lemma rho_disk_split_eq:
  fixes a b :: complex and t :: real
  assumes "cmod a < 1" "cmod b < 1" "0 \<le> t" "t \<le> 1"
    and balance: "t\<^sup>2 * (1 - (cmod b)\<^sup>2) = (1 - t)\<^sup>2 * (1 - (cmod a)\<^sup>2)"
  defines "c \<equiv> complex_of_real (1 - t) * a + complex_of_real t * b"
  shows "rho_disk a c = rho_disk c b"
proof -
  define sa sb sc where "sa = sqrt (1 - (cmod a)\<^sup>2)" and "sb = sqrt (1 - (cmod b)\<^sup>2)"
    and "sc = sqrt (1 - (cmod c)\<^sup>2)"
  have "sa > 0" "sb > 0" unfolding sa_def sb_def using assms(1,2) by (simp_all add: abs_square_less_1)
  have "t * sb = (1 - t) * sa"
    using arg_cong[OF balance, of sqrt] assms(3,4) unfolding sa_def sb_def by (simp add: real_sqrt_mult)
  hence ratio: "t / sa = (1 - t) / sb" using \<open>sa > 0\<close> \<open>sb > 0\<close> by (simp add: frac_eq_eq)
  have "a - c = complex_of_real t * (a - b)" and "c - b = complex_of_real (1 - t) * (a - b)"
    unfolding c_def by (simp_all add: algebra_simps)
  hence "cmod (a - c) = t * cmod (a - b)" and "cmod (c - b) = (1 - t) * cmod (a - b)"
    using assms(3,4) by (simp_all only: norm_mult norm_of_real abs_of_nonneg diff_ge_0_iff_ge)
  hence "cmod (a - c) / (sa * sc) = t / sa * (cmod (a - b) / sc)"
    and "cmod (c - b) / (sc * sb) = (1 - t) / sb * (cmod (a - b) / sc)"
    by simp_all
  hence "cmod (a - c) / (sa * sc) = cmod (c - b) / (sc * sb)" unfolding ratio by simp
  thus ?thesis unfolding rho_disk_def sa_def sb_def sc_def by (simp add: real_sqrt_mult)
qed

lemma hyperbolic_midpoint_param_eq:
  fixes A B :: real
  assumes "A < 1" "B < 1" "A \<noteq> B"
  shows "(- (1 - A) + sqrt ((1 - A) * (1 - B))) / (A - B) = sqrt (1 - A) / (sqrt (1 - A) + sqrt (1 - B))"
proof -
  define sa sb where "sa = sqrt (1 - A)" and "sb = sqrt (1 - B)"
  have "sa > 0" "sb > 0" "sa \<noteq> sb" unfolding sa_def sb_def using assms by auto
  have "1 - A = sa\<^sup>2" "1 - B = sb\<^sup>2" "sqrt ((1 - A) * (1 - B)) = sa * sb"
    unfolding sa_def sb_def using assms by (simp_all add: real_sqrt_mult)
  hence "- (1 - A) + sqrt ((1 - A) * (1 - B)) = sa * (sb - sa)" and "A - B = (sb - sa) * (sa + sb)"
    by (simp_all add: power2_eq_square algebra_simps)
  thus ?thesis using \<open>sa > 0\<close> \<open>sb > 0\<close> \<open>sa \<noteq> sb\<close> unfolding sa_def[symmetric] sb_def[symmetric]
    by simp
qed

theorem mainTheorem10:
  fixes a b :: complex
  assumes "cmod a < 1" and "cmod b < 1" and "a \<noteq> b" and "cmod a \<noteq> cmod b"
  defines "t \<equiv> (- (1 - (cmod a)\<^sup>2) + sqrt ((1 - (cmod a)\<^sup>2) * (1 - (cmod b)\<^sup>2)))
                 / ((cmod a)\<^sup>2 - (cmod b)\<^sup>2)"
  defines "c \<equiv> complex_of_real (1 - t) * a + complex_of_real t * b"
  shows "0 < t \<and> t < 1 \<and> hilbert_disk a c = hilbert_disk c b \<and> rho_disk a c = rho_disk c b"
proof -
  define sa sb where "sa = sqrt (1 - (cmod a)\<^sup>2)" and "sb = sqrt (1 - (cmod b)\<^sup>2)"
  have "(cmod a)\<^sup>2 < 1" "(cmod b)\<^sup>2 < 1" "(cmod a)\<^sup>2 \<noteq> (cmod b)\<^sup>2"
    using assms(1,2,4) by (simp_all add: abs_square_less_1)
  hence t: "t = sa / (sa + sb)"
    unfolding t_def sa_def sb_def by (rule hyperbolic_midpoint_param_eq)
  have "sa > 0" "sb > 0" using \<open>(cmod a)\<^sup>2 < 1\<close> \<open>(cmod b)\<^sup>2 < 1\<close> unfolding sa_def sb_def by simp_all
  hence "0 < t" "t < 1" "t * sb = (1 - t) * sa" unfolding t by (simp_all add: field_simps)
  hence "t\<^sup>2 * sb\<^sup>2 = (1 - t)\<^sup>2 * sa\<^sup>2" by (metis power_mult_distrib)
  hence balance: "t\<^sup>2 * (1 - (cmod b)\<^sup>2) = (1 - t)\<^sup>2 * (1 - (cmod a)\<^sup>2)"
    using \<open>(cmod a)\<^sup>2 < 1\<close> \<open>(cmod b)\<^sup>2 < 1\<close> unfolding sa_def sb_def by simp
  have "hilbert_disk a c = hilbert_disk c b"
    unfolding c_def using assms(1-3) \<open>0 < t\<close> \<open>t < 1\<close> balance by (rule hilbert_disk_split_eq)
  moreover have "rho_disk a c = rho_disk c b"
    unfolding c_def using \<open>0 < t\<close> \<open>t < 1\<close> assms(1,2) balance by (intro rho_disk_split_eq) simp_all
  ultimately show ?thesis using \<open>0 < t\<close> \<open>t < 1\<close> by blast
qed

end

◇ ◇ ◇

Set down every entry again, word for word.

ANSWER TO THE PROBLEM =>
lemma rho_disk_split_eq:
  fixes a b :: complex and t :: real
  assumes "cmod a < 1" "cmod b < 1" "0 \<le> t" "t \<le> 1"
    and balance: "t\<^sup>2 * (1 - (cmod b)\<^sup>2) = (1 - t)\<^sup>2 * (1 - (cmod a)\<^sup>2)"
  defines "c \<equiv> complex_of_real (1 - t) * a + complex_of_real t * b"
  shows "rho_disk a c = rho_disk c b"
proof -
  define sa sb sc where "sa = sqrt (1 - (cmod a)\<^sup>2)" and "sb = sqrt (1 - (cmod b)\<^sup>2)"
    and "sc = sqrt (1 - (cmod c)\<^sup>2)"
  have "sa > 0" "sb > 0" unfolding sa_def sb_def using assms(1,2) by (simp_all add: abs_square_less_1)
  have "t * sb = (1 - t) * sa"
    using arg_cong[OF balance, of sqrt] assms(3,4) unfolding sa_def sb_def by (simp add: real_sqrt_mult)
  hence ratio: "t / sa = (1 - t) / sb" using \<open>sa > 0\<close> \<open>sb > 0\<close> by (simp add: frac_eq_eq)
  have "a - c = complex_of_real t * (a - b)" and "c - b = complex_of_real (1 - t) * (a - b)"
    unfolding c_def by (simp_all add: algebra_simps)
  hence "cmod (a - c) = t * cmod (a - b)" and "cmod (c - b) = (1 - t) * cmod (a - b)"
    using assms(3,4) by (simp_all only: norm_mult norm_of_real abs_of_nonneg diff_ge_0_iff_ge)
  hence "cmod (a - c) / (sa * sc) = t / sa * (cmod (a - b) / sc)"
    and "cmod (c - b) / (sc * sb) = (1 - t) / sb * (cmod (a - b) / sc)"
    by simp_all
  hence "cmod (a - c) / (sa * sc) = cmod (c - b) / (sc * sb)" unfolding ratio by simp
  thus ?thesis unfolding rho_disk_def sa_def sb_def sc_def by (simp add: real_sqrt_mult)
qed

lemma hyperbolic_midpoint_param_eq:
  fixes A B :: real
  assumes "A < 1" "B < 1" "A \<noteq> B"
  shows "(- (1 - A) + sqrt ((1 - A) * (1 - B))) / (A - B) = sqrt (1 - A) / (sqrt (1 - A) + sqrt (1 - B))"
proof -
  define sa sb where "sa = sqrt (1 - A)" and "sb = sqrt (1 - B)"
  have "sa > 0" "sb > 0" "sa \<noteq> sb" unfolding sa_def sb_def using assms by auto
  have "1 - A = sa\<^sup>2" "1 - B = sb\<^sup>2" "sqrt ((1 - A) * (1 - B)) = sa * sb"
    unfolding sa_def sb_def using assms by (simp_all add: real_sqrt_mult)
  hence "- (1 - A) + sqrt ((1 - A) * (1 - B)) = sa * (sb - sa)" and "A - B = (sb - sa) * (sa + sb)"
    by (simp_all add: power2_eq_square algebra_simps)
  thus ?thesis using \<open>sa > 0\<close> \<open>sb > 0\<close> \<open>sa \<noteq> sb\<close> unfolding sa_def[symmetric] sb_def[symmetric]
    by simp
qed

theorem mainTheorem10:
  fixes a b :: complex
  assumes "cmod a < 1" and "cmod b < 1" and "a \<noteq> b" and "cmod a \<noteq> cmod b"
  defines "t \<equiv> (- (1 - (cmod a)\<^sup>2) + sqrt ((1 - (cmod a)\<^sup>2) * (1 - (cmod b)\<^sup>2)))
                 / ((cmod a)\<^sup>2 - (cmod b)\<^sup>2)"
  defines "c \<equiv> complex_of_real (1 - t) * a + complex_of_real t * b"
  shows "0 < t \<and> t < 1 \<and> hilbert_disk a c = hilbert_disk c b \<and> rho_disk a c = rho_disk c b"
proof -
  define sa sb where "sa = sqrt (1 - (cmod a)\<^sup>2)" and "sb = sqrt (1 - (cmod b)\<^sup>2)"
  have "(cmod a)\<^sup>2 < 1" "(cmod b)\<^sup>2 < 1" "(cmod a)\<^sup>2 \<noteq> (cmod b)\<^sup>2"
    using assms(1,2,4) by (simp_all add: abs_square_less_1)
  hence t: "t = sa / (sa + sb)"
    unfolding t_def sa_def sb_def by (rule hyperbolic_midpoint_param_eq)
  have "sa > 0" "sb > 0" using \<open>(cmod a)\<^sup>2 < 1\<close> \<open>(cmod b)\<^sup>2 < 1\<close> unfolding sa_def sb_def by simp_all
  hence "0 < t" "t < 1" "t * sb = (1 - t) * sa" unfolding t by (simp_all add: field_simps)
  hence "t\<^sup>2 * sb\<^sup>2 = (1 - t)\<^sup>2 * sa\<^sup>2" by (metis power_mult_distrib)
  hence balance: "t\<^sup>2 * (1 - (cmod b)\<^sup>2) = (1 - t)\<^sup>2 * (1 - (cmod a)\<^sup>2)"
    using \<open>(cmod a)\<^sup>2 < 1\<close> \<open>(cmod b)\<^sup>2 < 1\<close> unfolding sa_def sb_def by simp
  have "hilbert_disk a c = hilbert_disk c b"
    unfolding c_def using assms(1-3) \<open>0 < t\<close> \<open>t < 1\<close> balance by (rule hilbert_disk_split_eq)
  moreover have "rho_disk a c = rho_disk c b"
    unfolding c_def using \<open>0 < t\<close> \<open>t < 1\<close> assms(1,2) balance by (intro rho_disk_split_eq) simp_all
  ultimately show ?thesis using \<open>0 < t\<close> \<open>t < 1\<close> by blast
qed

end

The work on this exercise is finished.